Responsibility on certain persons/establishments to report the events for registration within the prescribed period of 21 days, most important being the domiciliary events to be reported by the head of the household and the institutional events to be reported by the in charge of the institution.
Duties of certain persons to notify births or deaths: The Act casts responsibility on midwives or any medical attendant at birth or death, the keeper or owner of a place set apart for disposal of dead bodies has to notify every birth or death at which he or she was present to the Registrar.
Delayed Registration of events: Births and deaths not reported within the prescribed period of 21 days but within 30 days of occurrence can be registered after payment of a late fee. After 30 days but within one year of occurrence, an event can be registered only on written permission from the prescribed officer (usually Tahsildars/ Commissioners/ Chief Officers), on production of an affidavit and payment of late fee. After one year of occurrence, an event can be registered only on an order of First Class Magistrate and on payment of late fee.

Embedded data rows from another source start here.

fun hE :: "'a dtree \<Rightarrow> 'a set set" where
  "hE (Leaf x) = {}"
| "hE (Node TrueTwin l r) = hE l \<union> hE r \<union> {{u, w} | u w. u \<in> hTS l \<and> w \<in> hTS r}"
| "hE (Node FalseTwin l r) = hE l \<union> hE r"
| "hE (Node Attach l r) = hE l \<union> hE r \<union> {{u, w} | u w. u \<in> hTS l \<and> w \<in> hTS r}"

(* leaves of left and right subtrees are disjoint at every node: leaves in bijection with vertices *)
fun wf_dtree :: "'a dtree \<Rightarrow> bool" where
  "wf_dtree (Leaf x) = True"
| "wf_dtree (Node _ l r) = (wf_dtree l \<and> wf_dtree r \<and> hV l \<inter> hV r = {})"

fun subtrees :: "'a dtree \<Rightarrow> 'a dtree set" where
  "subtrees (Leaf x) = {Leaf x}"
| "subtrees (Node c l r) = insert (Node c l r) (subtrees l \<union> subtrees r)"

definition decomp_tree :: "'a dtree \<Rightarrow> 'a set \<Rightarrow> 'a set set \<Rightarrow> bool" where
  "decomp_tree T V E \<longleftrightarrow> wf_dtree T \<and> hV T = V \<and> hE T = E"

definition is_path_len :: "'a set \<Rightarrow> 'a set set \<Rightarrow> 'a \<Rightarrow> 'a \<Rightarrow> nat \<Rightarrow> bool" where
  "is_path_len S E u w n \<longleftrightarrow> (\<exists>xs. length xs = Suc n \<and> hd xs = u \<and> last xs = w \<and> set xs \<subseteq> S
      \<and> (\<forall>i < n. {xs ! i, xs ! Suc i} \<in> E))"

definition dist_in :: "'a set \<Rightarrow> 'a set set \<Rightarrow> 'a \<Rightarrow> 'a \<Rightarrow> nat" where
  "dist_in S E u w = (LEAST n. is_path_len S E u w n)"

definition connected_in :: "'a set \<Rightarrow> 'a set set \<Rightarrow> bool" where
  "connected_in S E \<longleftrightarrow> (\<forall>u\<in>S. \<forall>w\<in>S. \<exists>n. is_path_len S E u w n)"
(* Let $p$ be an odd prime and let $q\in\mathbb{C}_p$ satisfy $|1-q|_p<p^{-1/(p-1)}$. Then for every integer $n\ge 0$, $\left|\frac{2}{[2]_q}E_{n,q}\right|_p\le 1$, i.e. $\frac{2}{[2]_q}E_{n,q}$ is a $p$-adic integer.
   Context: $\mathbb{C}_p$ is the completion of an algebraic closure of $\mathbb{Q}_p$, with absolute value $|\cdot|_p$ normalized by $|p|_p=1/p$. For $x\in\mathbb{Z}_p$ put $[x]_q=\frac{1-q^x}{1-q}$ and $[x]_{-q}=\frac{1-(-q)^x}{1+q}$. For a function $f$ on $\mathbb{Z}_p$ the fermionic $p$-adic $q$-integral is $\int_{\mathbb{Z}_p}f(x)\,d\mu_{-q}(x)=\lim_{N\to\infty}\frac{1}{[p^N]_{-q}}\sum_{x=0}^{p^N-1}f(x)(-q)^x$. The $q$-Euler numbers are $E_{n,q}=\int_{\mathbb{Z}_p}[x]_q^n q^{-x}\,d\mu_{-q}(x)$; equivalently $\frac{2}{[2]_q}E_{n,q}=\lim_{N\to\infty}\sum_{x=0}^{p^N-1}(-1)^x[x]_q^n$. *)

theory Defs
  imports Complex_Main "HOL-Computational_Algebra.Polynomial"
begin

text \<open>The q-number [x]_q = (1 - q^x)/(1 - q), written as the geometric sum
  1 + q + ... + q^(x-1), which agrees with (1-q^x)/(1-q) for q \<noteq> 1 and
  gives the natural value x at q = 1.\<close>
definition q_int :: "'a::comm_ring_1 \<Rightarrow> nat \<Rightarrow> 'a" where
  "q_int q x = (\<Sum>i<x. q ^ i)"

text \<open>An absolute value v on a field K making K a complete, algebraically
  closed, non-archimedean valued field with |p| = 1/p (so the restriction to Q
  is the p-adic absolute value). C_p with its normalized absolute value is such
  a field.\<close>
definition cp_like_abs :: "nat \<Rightarrow> ('a::field_char_0 \<Rightarrow> real) \<Rightarrow> bool" where
  "cp_like_abs p v \<longleftrightarrow>
     (\<forall>x. 0 \<le> v x) \<and> (\<forall>x. v x = 0 \<longleftrightarrow> x = 0) \<and>
     (\<forall>x y. v (x * y) = v x * v y) \<and>
     (\<forall>x y. v (x + y) \<le> max (v x) (v y)) \<and>
     v (of_nat p) = 1 / real p \<and>
     (\<forall>S :: nat \<Rightarrow> 'a. (\<forall>e>0. \<exists>M. \<forall>m\<ge>M. \<forall>n\<ge>M. v (S m - S n) < e)
         \<longrightarrow> (\<exists>L. (\<lambda>n. v (S n - L)) \<longlonglongrightarrow> 0)) \<and>
     (\<forall>P :: 'a poly. degree P > 0 \<longrightarrow> (\<exists>z. poly P z = 0))"
lemma inv_ztrans_step_response:
  assumes "degree p \<le> Suc l"
  shows "inv_ztrans (Fract p (monom 1 l * [:-1, 1:])) k = (\<Sum>i\<le>min k (Suc l). coeff p (Suc l - i))"
proof -
  let ?q = "monom 1 l * [:-1, 1:] :: real poly"
  have deg_q: "degree ?q = Suc l"
    by (subst degree_mult_eq) (auto simp: degree_monom_eq)
  have "reflect_poly (monom (1::real) l) = 1"
    by (auto simp: poly_eq_iff coeff_reflect_poly degree_monom_eq coeff_monom)
  then have denom: "fps_of_poly (reflect_pad (Suc l) ?q) = 1 - fps_X"
    unfolding reflect_pad_def deg_q reflect_poly_mult
    by (simp add: reflect_poly_pCons fps_eq_iff coeff_pCons split: nat.split)
  have geometric: "inverse (1 - fps_X :: real fps) = Abs_fps (\<lambda>_. 1)"
    using fps_inverse_idempotent[of "Abs_fps (\<lambda>_. 1::real)"] by (simp add: fps_inverse_gp')
  have "ztrans_rep p ?q k = (\<Sum>i=0..k. coeff (reflect_pad (Suc l) p) i)"
    unfolding ztrans_rep_reflect_pad deg_q denom
    by (simp add: fps_divide_unit geometric fps_mult_nth)
  moreover have "?q \<noteq> 0"
    using deg_q by auto
  ultimately have "inv_ztrans (Fract p ?q) k = (\<Sum>i=0..k. coeff (reflect_pad (Suc l) p) i)"
    using assms deg_q inv_ztrans_Fract[of ?q p] by simp
  also have "\<dots> = (\<Sum>i\<le>min k (Suc l). coeff p (Suc l - i))"
    using assms by (intro sum.mono_neutral_cong_right) (auto simp: coeff_reflect_pad)
  finally show ?thesis .
qed

lemma step_response_SUP_le_iff:
  assumes "degree p \<le> Suc l"
  shows "(SUP k. ereal \<bar>inv_ztrans (Fract p (monom 1 l * [:-1, 1:])) k - b\<bar>) \<le> ereal c
     \<longleftrightarrow> (\<forall>k\<le>Suc l. \<bar>(\<Sum>i\<le>k. coeff p (Suc l - i)) - b\<bar> \<le> c)"
proof -
  have "(\<forall>k. Q (min k N)) \<longleftrightarrow> (\<forall>k\<le>N. Q k)" for Q :: "nat \<Rightarrow> bool" and N
    by (metis min.absorb1 min.cobounded2)
  then show ?thesis
    unfolding SUP_le_iff ereal_less_eq inv_ztrans_step_response[OF assms] by simp
qed

lemma step_response_overshoot_polyfun_system:
  assumes "P \<in> polyfun_poly"
  obtains ps where "finite ps" "ps \<subseteq> polyfun"
    "\<And>x. degree (P x) \<le> Suc l \<Longrightarrow>
       (SUP k. ereal \<bar>inv_ztrans (Fract (P x) (monom 1 l * [:-1, 1:])) k - b\<bar>) \<le> ereal c
         \<longleftrightarrow> (\<forall>p\<in>ps. 0 \<le> p x)"
proof -
  have partial_sums: "(\<lambda>x. \<Sum>i\<le>k. coeff (P x) (Suc l - i)) \<in> polyfun" for k
    using assms by (intro polyfun_sum polyfun_polyD)
  obtain ps where "finite ps" "ps \<subseteq> polyfun"
    and ps: "\<And>x. (\<forall>k\<in>{..Suc l}. \<bar>(\<Sum>i\<le>k. coeff (P x) (Suc l - i)) - b\<bar> \<le> c) \<longleftrightarrow> (\<forall>p\<in>ps. 0 \<le> p x)"
    using polyfun_abs_le_iff_nonneg[of "{..Suc l}" "\<lambda>k x. \<Sum>i\<le>k. coeff (P x) (Suc l - i)" b c]
      partial_sums by blast
  show ?thesis
  proof (rule that)
    show "(SUP k. ereal \<bar>inv_ztrans (Fract (P x) (monom 1 l * [:-1, 1:])) k - b\<bar>) \<le> ereal c
        \<longleftrightarrow> (\<forall>p\<in>ps. 0 \<le> p x)" if "degree (P x) \<le> Suc l" for x
      unfolding step_response_SUP_le_iff[OF that] ps[of x, symmetric] by auto
  qed fact+
qed

lemma rf_mult: "rf (p * q) = rf p * rf q"
  by (simp add: rf_def)

lemma rf_add: "rf (p + q) = rf p + rf q"
  by (simp add: rf_def)

lemma rf_eq_0_iff: "rf p = 0 \<longleftrightarrow> p = 0"
  by (simp add: rf_def Zero_fract_def eq_fract)

lemma Fract_eq_rf_divide: "q \<noteq> 0 \<Longrightarrow> Fract p q = rf p / rf q"
  by (simp add: rf_def)

lemma closed_loop_deadbeat_field:
  assumes nonzero: "a \<noteq> 0" "dc \<noteq> 0" "dp \<noteq> 0" "m \<noteq> 0" "zR \<noteq> 0" "zO \<noteq> 0" "zl \<noteq> 0"
    and deadbeat: "a * dc * dp + nc * nR * np * nO = zl"
  shows "Yz (m * zR * zO * nc / (a * dc)) (nR / zR) (np / (m * dp)) (nO / zO) (x / a)
           = x * zO * nc * nR * np / (zl * a)"
    and "Uz (m * zR * zO * nc / (a * dc)) (nR / zR) (np / (m * dp)) (nO / zO) (x / a)
           = x * zO * m * nc * nR * dp / (zl * a)"
proof -
  have "1 + (m * zR * zO * nc / (a * dc)) * (nR / zR) * (np / (m * dp)) * (nO / zO) = zl / (a * dc * dp)"
    using nonzero deadbeat[symmetric] by (simp add: field_simps)
  then show "Yz (m * zR * zO * nc / (a * dc)) (nR / zR) (np / (m * dp)) (nO / zO) (x / a)
           = x * zO * nc * nR * np / (zl * a)"
    and "Uz (m * zR * zO * nc / (a * dc)) (nR / zR) (np / (m * dp)) (nO / zO) (x / a)
           = x * zO * m * nc * nR * dp / (zl * a)"
    unfolding Yz_def Uz_def using nonzero by (simp_all add: field_simps)
qed

lemma closed_loop_deadbeat:
  fixes DR DO :: nat
  assumes "M \<noteq> 0" "DP' \<noteq> 0" "Dc \<noteq> 0"
    and "[:-1, 1:] * Dc * DP' + NC * NR * NP * NO = monom 1 l"
  defines "GR \<equiv> rf NR / rf (monom 1 DR)" and "GO \<equiv> rf NO / rf (monom 1 DO)"
  shows "Yz (ctrlC M DR DO NC Dc) GR (plantP NP M DP') GO (stepR A)
           = Fract ([:0, A:] * monom 1 DO * NC * NR * NP) (monom 1 l * [:-1, 1:])"
    and "Uz (ctrlC M DR DO NC Dc) GR (plantP NP M DP') GO (stepR A)
           = Fract ([:0, A:] * monom 1 DO * M * NC * NR * DP') (monom 1 l * [:-1, 1:])"
proof -
  have nonzero: "rf [:-1, 1:] \<noteq> 0" "rf Dc \<noteq> 0" "rf DP' \<noteq> 0" "rf M \<noteq> 0"
    "rf (monom 1 DR) \<noteq> 0" "rf (monom 1 DO) \<noteq> 0" "rf (monom 1 l) \<noteq> 0"
    using assms(1-3) by (simp_all add: rf_eq_0_iff)
  have deadbeat: "rf [:-1, 1:] * rf Dc * rf DP' + rf NC * rf NR * rf NP * rf NO = rf (monom 1 l)"
    using arg_cong[OF assms(4), of rf] by (simp only: rf_mult rf_add)
  have "monom 1 l * [:-1, 1:] \<noteq> (0 :: real poly)"
    by (rule no_zero_divisors) simp_all
  from closed_loop_deadbeat_field[OF nonzero deadbeat, of "rf [:0, A:]"] show "Yz (ctrlC M DR DO NC Dc) GR (plantP NP M DP') GO (stepR A)
           = Fract ([:0, A:] * monom 1 DO * NC * NR * NP) (monom 1 l * [:-1, 1:])"
    and "Uz (ctrlC M DR DO NC Dc) GR (plantP NP M DP') GO (stepR A)
           = Fract ([:0, A:] * monom 1 DO * M * NC * NR * DP') (monom 1 l * [:-1, 1:])"
    unfolding Fract_eq_rf_divide[OF \<open>monom 1 l * [:-1, 1:] \<noteq> 0\<close>] GR_def GO_def
      ctrlC_def plantP_def stepR_def rf_mult
    by (simp_all add: ac_simps)
qed
lemma farthest_far_if_not_good:
  assumes "E \<subseteq> X" "E \<noteq> {}" "\<not> good E"
  shows "\<forall>p\<in>Q E. 2 * radius < setdist d p E"
proof -
  have "card (Q E) \<le> nat \<lceil>(1 + eps) * real z\<rceil>"
    using card_Q[OF assms(1,2)] by simp
  also have "\<dots> \<le> card {p\<in>X. 2 * radius < setdist d p E}"
    using card_far_points_gt[OF assms(3)] by linarith
  finally have "Q E \<subseteq> {p\<in>X. 2 * radius < setdist d p E}"
    using farthest assms(1,2) unfolding farthest_rule_def
    by (intro top_subset_superlevel[OF finite_X Q_subset[OF assms(1,2)]]) auto
  then show ?thesis
    by blast
qed

lemma card_Q_ge_if_not_good:
  assumes "E \<subseteq> X" "E \<noteq> {}" "\<not> good E"
  shows "(1 + eps) * real z \<le> real (card (Q E))"
proof -
  have "card {p\<in>X. 2 * radius < setdist d p E} \<le> card X"
    using finite_X by (intro card_mono) auto
  then have "(1 + eps) * real z \<le> real (card X)"
    using card_far_points_gt[OF assms(3)] by linarith
  then show ?thesis
    using card_Q[OF assms(1,2)] by (simp add: real_nat_ceiling_ge)
qed

lemma card_outliers_le:
  assumes "A \<subseteq> X"
  shows "card (A - Xs) \<le> z"
proof -
  have "card (A - Xs) \<le> card (X - Xs)"
    using assms finite_X by (intro card_mono) auto
  also have "\<dots> = card X - card Xs"
    using finite_Xs Xs_subset by (rule card_Diff_subset)
  finally show ?thesis
    using card_X_le by simp
qed

lemma set_pmf_loop_step:
  assumes "E \<subseteq> X" "E \<noteq> {}" "E' \<in> set_pmf (loop_step m E)"
  shows "E' \<subseteq> X \<and> E' \<noteq> {}"
proof -
  obtain S where "S \<in> set_pmf (sample m (Q E))" "E' = E \<union> S"
    using assms(3) unfolding loop_step_def by auto
  then have "S \<subseteq> Q E"
    using finite_subset[OF Q_subset[OF assms(1,2)] finite_X] Q_nonempty[OF assms(1,2)]
    by (intro set_pmf_sample_subset)
  then show ?thesis
    using Q_subset[OF assms(1,2)] assms(1,2) \<open>E' = E \<union> S\<close> by auto
qed

lemma nn_integral_potential_loop_step:
  assumes E: "E \<subseteq> X" "E \<noteq> {}" and eta: "0 < eta"
    and m: "(1 + eps) / eps * ln (1 / eta) \<le> real m"
  shows "(\<integral>\<^sup>+E'. ennreal (potential E') \<partial>loop_step m E) \<le> ennreal ((1 + eta) / 2) * ennreal (potential E)"
proof -
  have Q: "finite (Q E)" "Q E \<noteq> {}" "Q E \<subseteq> X"
    using Q_subset[OF E] Q_nonempty[OF E] finite_subset[OF _ finite_X] by auto
  have supp: "S \<subseteq> Q E" if "S \<in> set_pmf (sample m (Q E))" for S
    using set_pmf_sample_subset[OF Q(1,2) that] .
  have mono: "potential (E \<union> S) \<le> potential E" if "S \<in> set_pmf (sample m (Q E))" for S
    using E Q supp[OF that] by (intro potential_antimono) auto
  have "(\<integral>\<^sup>+E'. ennreal (potential E') \<partial>loop_step m E)
      = (\<integral>\<^sup>+S. ennreal (potential (E \<union> S)) \<partial>sample m (Q E))"
    unfolding loop_step_def by (simp add: nn_integral_return)
  also have "\<dots> \<le> ennreal ((1 + eta) / 2 * potential E)"
  proof (cases "good E")
    case True
    then show ?thesis
      using mono eta potential_nonneg[of E]
      by (intro nn_integral_le_halving[where B = "{}"]) (auto simp: potential_def)
  next
    case False
    show ?thesis
    proof (rule nn_integral_le_halving[where B = "{R. R \<inter> Xs = {}}"])
      have "real (card (Q E - Xs)) \<le> real z"
        using card_outliers_le[OF Q(3)] by simp
      also have "\<dots> \<le> 1 / (1 + eps) * real (card (Q E))"
        using card_Q_ge_if_not_good[OF E False] eps_pos by (simp add: field_simps)
      finally have "real (card (Q E - Xs)) \<le> 1 / (1 + eps) * real (card (Q E))" .
      moreover have "ln (1 / eta) / (1 - 1 / (1 + eps)) = (1 + eps) / eps * ln (1 / eta)"
        using eps_pos by (simp add: field_simps)
      ultimately show "emeasure (measure_pmf (sample m (Q E))) {R. R \<inter> Xs = {}} \<le> ennreal eta"
        using Q(1,2) eta m eps_pos by (intro emeasure_sample_disjoint_le[where a = "1 / (1 + eps)"]) auto
    next
      fix S assume S: "S \<in> set_pmf (sample m (Q E))" "S \<notin> {R. R \<inter> Xs = {}}"
      then obtain p where "p \<in> S \<inter> Xs"
        by blast
      moreover have "E \<union> S \<subseteq> X"
        using E Q supp[OF S(1)] by auto
      ultimately show "potential (E \<union> S) \<le> potential E / 2"
        using E farthest_far_if_not_good[OF E False] supp[OF S(1)]
        by (intro potential_halves_if_far_inlier[of E "E \<union> S" p]) auto
    qed (use mono eta potential_nonneg in auto)
  qed
  also have "\<dots> = ennreal ((1 + eta) / 2) * ennreal (potential E)"
    using eta potential_nonneg by (intro ennreal_mult) auto
  finally show ?thesis .
qed

lemma nn_integral_potential_initial_sample:
  assumes eta: "0 < eta" and m: "1 / (1 - real z / real (card X)) * ln (1 / eta) \<le> real m"
  shows "(\<integral>\<^sup>+S. ennreal (potential S) \<partial>sample m X) \<le> ennreal ((1 + eta) / 2 * 2 ^ card Cs)"
proof (rule nn_integral_le_halving[where B = "{R. R \<inter> Xs = {}}"])
  have "real (card (X - Xs)) \<le> real z / real (card X) * real (card X)"
    using card_outliers_le[of X] z_less by simp
  moreover have "real z / real (card X) < 1"
    using z_less by simp
  ultimately show "emeasure (measure_pmf (sample m X)) {R. R \<inter> Xs = {}} \<le> ennreal eta"
    using finite_X X_nonempty eta m
    by (intro emeasure_sample_disjoint_le[where a = "real z / real (card X)"]) auto
next
  fix S assume "S \<in> set_pmf (sample m X)" "S \<notin> {R. R \<inter> Xs = {}}"
  then show "potential S \<le> 2 ^ card Cs / 2"
    using set_pmf_sample_subset[OF finite_X X_nonempty] potential_le_half_if_inlier by blast
qed (use eta potential_le in auto)

text \<open>The exponent counts the nat \<lceil>t\<rceil> - 1 loop rounds plus the initial sample; it differs
  from nat \<lceil>t\<rceil> only when t \<le> 0.\<close>
lemma nn_integral_potential_algorithm1:
  assumes eta: "0 < eta" "eta < 1"
  shows "(\<integral>\<^sup>+E. ennreal (potential E) \<partial>algorithm1 X z Q eps eta t)
           \<le> ennreal (((1 + eta) / 2) ^ (nat \<lceil>t\<rceil> - 1 + 1) * 2 ^ card Cs)"
proof -
  define m1 where "m1 = nat \<lceil>(1 / (1 - real z / real (card X))) * ln (1 / eta)\<rceil>"
  define m2 where "m2 = nat \<lceil>((1 + eps) / eps) * ln (1 / eta)\<rceil>"
  define n where "n = nat \<lceil>t\<rceil> - 1"
  let ?q = "(1 + eta) / 2"
  have alg: "algorithm1 X z Q eps eta t = ((\<lambda>P. P \<bind> loop_step m2) ^^ n) (sample m1 X)"
    unfolding algorithm1_def Let_def m1_def m2_def n_def loop_step_def ..
  have "0 < 1 / (1 - real z / real (card X)) * ln (1 / eta)"
    using z_less eta by simp
  then have m1: "0 < m1" "1 / (1 - real z / real (card X)) * ln (1 / eta) \<le> real m1"
    unfolding m1_def by (simp_all add: real_nat_ceiling_ge)
  have start: "\<forall>E\<in>set_pmf (sample m1 X). E \<subseteq> X \<and> E \<noteq> {}"
    using set_pmf_sample_subset[OF finite_X X_nonempty] set_pmf_sample_nonempty[OF finite_X X_nonempty]
      m1(1) by blast
  have "(\<integral>\<^sup>+E. ennreal (potential E) \<partial>algorithm1 X z Q eps eta t)
      \<le> ennreal ?q ^ n * (\<integral>\<^sup>+E. ennreal (potential E) \<partial>sample m1 X)"
    unfolding alg
  proof (rule nn_integral_funpow_bind_pmf_le[OF start])
    show "\<forall>E'\<in>set_pmf (loop_step m2 E). E' \<subseteq> X \<and> E' \<noteq> {}" if "E \<subseteq> X \<and> E \<noteq> {}" for E
      using that set_pmf_loop_step by blast
    show "(\<integral>\<^sup>+E'. ennreal (potential E') \<partial>loop_step m2 E) \<le> ennreal ?q * ennreal (potential E)"
      if "E \<subseteq> X \<and> E \<noteq> {}" for E
      using that eta(1) by (intro nn_integral_potential_loop_step) (auto simp: m2_def real_nat_ceiling_ge)
  qed
  also have "\<dots> \<le> ennreal ?q ^ n * ennreal (?q * 2 ^ card Cs)"
    using nn_integral_potential_initial_sample[OF eta(1) m1(2)] by (intro mult_left_mono) auto
  also have "\<dots> = ennreal (?q ^ n * (?q * 2 ^ card Cs))"
    using eta by (simp add: ennreal_power ennreal_mult del: times_divide_eq_left)
  also have "?q ^ n * (?q * 2 ^ card Cs) = ?q ^ (n + 1) * 2 ^ card Cs"
    by simp
  finally show ?thesis
    unfolding n_def .
qed

lemma prob_good_algorithm1:
  assumes eta: "0 < eta" "eta < 1" and k: "0 < k" "card Cs \<le> k"
    and t: "t = (2 + 2 / (real k * (1 - eta)) * ln (1 / eta)) * real k / (1 - eta)"
  shows "1 - eta \<le> measure_pmf.prob (algorithm1 X z Q eps eta t) {E. good E}"
proof -
  let ?M = "measure_pmf (algorithm1 X z Q eps eta t)"
  have "t \<le> real (nat \<lceil>t\<rceil> - 1 + 1)"
    by linarith
  then have decay: "((1 + eta) / 2) ^ (nat \<lceil>t\<rceil> - 1 + 1) * 2 ^ card Cs \<le> eta"
    using eta k t by (intro decay_power_le[where k = k]) auto
  have "emeasure ?M {E. \<not> good E} \<le> (\<integral>\<^sup>+E. ennreal (potential E) \<partial>?M)"
    using one_le_potential by (intro emeasure_pmf_le_nn_integral) auto
  also have "\<dots> \<le> ennreal eta"
    using nn_integral_potential_algorithm1[OF eta] decay order_trans ennreal_leI by blast
  finally have "measure ?M {E. \<not> good E} \<le> eta"
    using eta by (simp add: measure_pmf.emeasure_eq_measure)
  moreover have "{E. good E} = space ?M - {E. \<not> good E}"
    by auto
  ultimately show ?thesis
    using measure_pmf.prob_compl[of "{E. \<not> good E}"] by simp
qed

end

theorem theorem5:
  fixes X :: "'a set" and d :: "'a \<Rightarrow> 'a \<Rightarrow> real" and k z :: nat
    and eps eta :: real and Q :: "'a set \<Rightarrow> 'a set"
  assumes "finite X" and "metric_on X d"
    and "k > 0" and "z > 0" and "z < card X"
    and "eps > 0" and "eta > 0" and "eta < 1/2"
    and "farthest_rule X d z eps Q"
  shows "let c = 2 + 2 / (real k * (1 - eta)) * ln (1 / eta);
             t = c * real k / (1 - eta)
         in measure_pmf.prob (algorithm1 X z Q eps eta t)
              {E. phi X d z eps E \<le> 2 * r_opt X d k z} \<ge> 1 - 2 * eta"
proof -
  have "X \<noteq> {}"
    using assms(5) by auto
  then obtain Xs Cs where opt: "Xs \<subseteq> X" "card X - z \<le> card Xs" "Cs \<subseteq> X" "Cs \<noteq> {}" "card Cs \<le> k"
    and r_opt: "r_opt X d k z = maxdist d Xs Cs"
    using r_opt_attained[OF assms(1) _ assms(3)] by blast
  interpret clustering_with_outliers X d z eps Q Xs Cs
    using assms opt by unfold_locales auto
  have "1 - eta \<le> measure_pmf.prob (algorithm1 X z Q eps eta
      ((2 + 2 / (real k * (1 - eta)) * ln (1 / eta)) * real k / (1 - eta))) {E. good E}"
    using assms(3,7,8) opt(5) by (intro prob_good_algorithm1) auto
  then show ?thesis
    using assms(7) unfolding Let_def good_def radius_def r_opt by simp
qed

Penalties on persons/establishments not reporting the events and the registration functionary who neglects or refuses, without reasonable cause to register.
Issue of certificates; As soon as the registration is completed a certificate is to be issued on free of cost to the informant. The Section 17 of the Act provides for giving certified extracts from the birth and death register on payment of prescribed fee. Such extracts are admissible under the Indian Evidence Act as evidence of the birth or death the entry relates to. Such extracts will not include the cause of death entered in the register.
Entry of the name of the child later on, but within the prescribed period if the birth was registered without name of the child. Within 12 months of registration of a birth, name of the child can be got entered without any fee.
After 12 months but within 15 years of registration, it can be entered after payment of a prescribed fee.
Correction or cancellation of entries made erroneously, fraudulently or improperly in the birth and death registers. If it is proved to the satisfaction of the Registrar that any entry of a birth or death in any register kept by him is erroneous, he may, subject to the rules correct the error or cancel the entry.